Teaching as Marketing
I've been re-reading my copy of The Tiny MBA by Alex Hillman, which is a collection of 100 ideas (that originally started as a Tweet thread!) meant to inspire you to think differently about your business. Today I ran across one that I wanted to expand on just a bit:
Looking back, this has been true throughout most of my career, especially as we were starting Alpha Particle. We launched the company with $5,000 and spent most of that within the first 6 months traveling to WordCamps and giving talks, attending Meetups and publishing content on our blog. One specific incident stands out in my mind as an example of how I was doing "marketing" years earlier that only later came back and ended up being an actual client.
The Slow Burn
Even before the WordPress REST API was part of WordPress Core, I was very interested in what it could do and some of the experiences it would enable when it was more broadly available. It didn't seem like something people in my WordPress circles had picked up on yet, so I decided to put on my very first webinar.
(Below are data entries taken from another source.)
(* Let $\mathcal{A}$ be an ARI-algebra of matrices over a countable index set $K$, with class $W$ of $\mathcal{A}$-admissible weights, and let $\mu\in W$. Let $B$ be a matrix over $K$ such that (i) $B^\mu=\operatorname{diag}(\mu)\, B\, \operatorname{diag}(1/\mu)\in\mathcal{A}$, and (ii) $B$ is (bounded and) invertible on $\ell^2_\mu(K)$. Then $B$ is bounded and invertible on $\ell^p_w(K)$ for every $1\le p\le\infty$ and every weight of the form $w=\mu\cdot m$ with $m\in W$; in particular, $B$ is bounded and invertible on every $\ell^p(K)$, $1\le p\le \infty$.
   Context: $K$ is a countable index set. For a strictly positive weight $m=(m_k)_{k\in K}$, $\ell^p_m(K)$ is the space of sequences $c$ with $\|c\|_{\ell^p_m}=\|(m_kc_k)_k\|_{\ell^p}<\infty$. For a sequence $\mu$, $\operatorname{diag}(\mu)$ is the diagonal matrix with entries $\mu_k$, and for a matrix $B$ over $K$ and a positive weight $\mu$ one writes $B^\mu:=\operatorname{diag}(\mu)\,B\,\operatorname{diag}(1/\mu)$. An ARI-algebra is a Banach $*$-algebra $\mathcal{A}$ of matrices over $K$ (with $*$ the matrix adjoint) together with a class $W$ of positive weights on $K$ (called $\mathcal{A}$-admissible weights) such that: (ARI1) every $A\in\mathcal{A}$ is bounded on $\ell^p_m(K)$ for all $p\in[1,\infty]$ and all $m\in W$, the constant weight $1$ belongs to $W$, and $m\in W$ implies $1/m\in W$; (ARI2) $\mathcal{A}$ is inverse-closed in $\mathcal{B}(\ell^2(K))$, i.e. if $A\in\mathcal{A}$ is invertible on $\ell^2(K)$ then $A^{-1}\in\mathcal{A}$. *)

theory Defs
  imports "HOL-Analysis.Analysis"
begin
(* While the EA is at distance d > D, flipping exactly one of the d zero bits improves the
  fitness, so every iteration improves with probability at least d/(e n). A streak of k
  failures at distance d therefore has probability at most (1 - d/(e n))^k \<le> exp(-d k/(e n)),
  which is at most 1/n^2 by the choice of D. The distance never increases, so at most n
  distances are visited, and a union bound gives 1/n. The union bound is carried by a potential
  on EA states that does not increase in expectation along an iteration; induction over a
  finite time horizon bounds the probability of an early switch by the potential of the
  start state. *)

(* Restricting the masks makes every iteration depend on
  one of finitely many values, which is what makes the trajectory measurable for the
  coordinate sigma algebra of the stream space. *)
definition restrict_bits :: "nat \<Rightarrow> (nat \<Rightarrow> bool) \<Rightarrow> (nat \<Rightarrow> bool)" where
  "restrict_bits n x = (\<lambda>i. i < n \<and> x i)"

lemma restrict_bits_in_bitstrings: "restrict_bits n x \<in> bitstrings n"
  unfolding restrict_bits_def bitstrings_def by auto

lemma onemax_restrict_bits: "onemax n (restrict_bits n x) = onemax n x"
  unfolding onemax_def restrict_bits_def by auto

lemma dist_opt_restrict_bits: "dist_opt n (restrict_bits n x) = dist_opt n x"
  unfolding dist_opt_def by (simp add: onemax_restrict_bits)

lemma restrict_bits_flip:
  "restrict_bits n (flip x m) = flip (restrict_bits n x) (restrict_bits n m)"
  unfolding restrict_bits_def flip_def by auto

lemma ea_step_restrict_bits:
  "ea_step n (restrict_bits n x, c) (restrict_bits n m) =
   apfst (restrict_bits n) (ea_step n (x, c) m)"
  unfolding ea_step_def Let_def
  by (simp add: restrict_bits_flip[symmetric] onemax_restrict_bits)

primrec ea_run_from ::
  "nat \<Rightarrow> (nat \<Rightarrow> bool) \<times> nat \<Rightarrow> (nat \<Rightarrow> bool) stream \<Rightarrow> nat \<Rightarrow> (nat \<Rightarrow> bool) \<times> nat" where
  "ea_run_from n s \<omega> 0 = s"
| "ea_run_from n s \<omega> (Suc t) = ea_step n (ea_run_from n s \<omega> t) (\<omega> !! t)"

lemma ea_run_eq_ea_run_from: "ea_run n x0 \<omega> t = ea_run_from n (x0, 0) \<omega> t"
  by (induction t) auto

lemma ea_run_from_Suc_shift:
  "ea_run_from n s \<omega> (Suc t) = ea_run_from n (ea_step n s (shd \<omega>)) (stl \<omega>) t"
  by (induction t) auto

lemma ea_run_from_restrict_bits:
  "ea_run_from n (apfst (restrict_bits n) s) (smap (restrict_bits n) \<omega>) t =
   apfst (restrict_bits n) (ea_run_from n s \<omega> t)"
proof (induction t)
  case (Suc t)
  then show ?case
    by (cases "ea_run_from n s \<omega> t") (simp add: ea_step_restrict_bits)
qed simp
(* If $G$ is a $3$-edge-connected graph admitting a nowhere-zero $4$-flow, then $fn(G)\le 2$. In particular, $fn(G)=2$ for every $3$-edge-connected $3$-edge-colourable graph $G$.
   Context: All graphs are finite. An orientation is strong if for every ordered pair of distinct vertices $u,v$ there is a directed $uv$-path. An edge $e$ is deletable in an orientation $(G,o)$ if the restriction of $o$ to $E(G)\setminus\{e\}$ is a strong orientation of $G-e$. For a $3$-edge-connected graph $G$, the Frank number $fn(G)$ is the minimum number $k$ such that $G$ admits $k$ orientations with the property that every edge of $G$ is deletable in at least one of them. A nowhere-zero $k$-flow on $G$ is a pair $(o,f)$ of an orientation $o$ and a map $f:E(G)\to\{\pm1,\dots,\pm(k-1)\}$ such that at every vertex the sum of $f$ over incoming edges equals the sum of $f$ over outgoing edges. *)

theory Defs
  imports Main
begin

text \<open>A finite loopless multigraph is given by a vertex set V, an edge set E and a map
  ends assigning to each edge its two (distinct) end vertices, listed in an arbitrary
  reference order.  An orientation is a map ori :: 'e => bool: ori e = True means e is directed
  from fst (ends e) to snd (ends e), otherwise in the reverse direction.\<close>

definition multigraph :: "'v set \<Rightarrow> 'e set \<Rightarrow> ('e \<Rightarrow> 'v \<times> 'v) \<Rightarrow> bool" where
  "multigraph V E ends \<longleftrightarrow> finite V \<and> finite E \<and>
     (\<forall>e\<in>E. fst (ends e) \<in> V \<and> snd (ends e) \<in> V \<and> fst (ends e) \<noteq> snd (ends e))"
I got about 10 signups (mostly close friends and some colleagues), got my apartment all set up to record and turned off Slack, my phone and everything else so I wouldn't be disturbed while I was streaming live.
And that was the problem.
Halfway through my webinar, my video camera switched from the screenshare I was doing where I was showing off the code involved back to a shot of my face, where no one could see any of the code I was talking about.
When I turned my phone back on at the end of the webinar, it was blowing up with people messaging me trying to tell me that the camera was on my face and they couldn't see my code. This also meant over half of my recording, which I was planning on posting on YouTube was also useless.
I considered throwing everything out and chalking it up to experience, but instead re-recorded the portion that got cut off with a proper screenshare, cut everything together and uploaded it to YouTube, not really thinking much more of it.
And then...two and a half years later, this email landed in my inbox:
I wanted to drop a note and first thank you for your content you have on YouTube. I'm tinkering with a research project and found just the information I needed. I noticed you are also in Chicago. I'm a software engineer in town and have historically dismissed Wordpress but am finding it to be a great fit for a specific type of project lately. I started my career in PHP and focused more on Python and Rails at a certain point.
Would you by chance be open to consulting on some questions on a project I'm running? It wouldn't require a significant time commitment but I think I'd love to run my ideas and implementation plans by somebody with more experience shipping WP projects. To be clear, I'm looking to pay for your time :)
Thanks for your consideration.
I responded that I'd be happy to meet, went over to his office and talked through some of his concerns with his current project and we were off to the races. This culminated in more than a few hours of straight up consulting, as well as him eventually referring a project to Alpha Particle that we worked on for 9 months!
All from one YouTube video that didn't work out great the first time I tried and that I did zero real "marketing" for. And when I wasn't even half as knowledgable about WordPress and web development in general as I am now.
If you have a concept that you're learning or you've recently learned, you're in one of the best possible positions to pass that knowledge on.
And who knows, it might just come back and pay off in a more concrete way in a few years.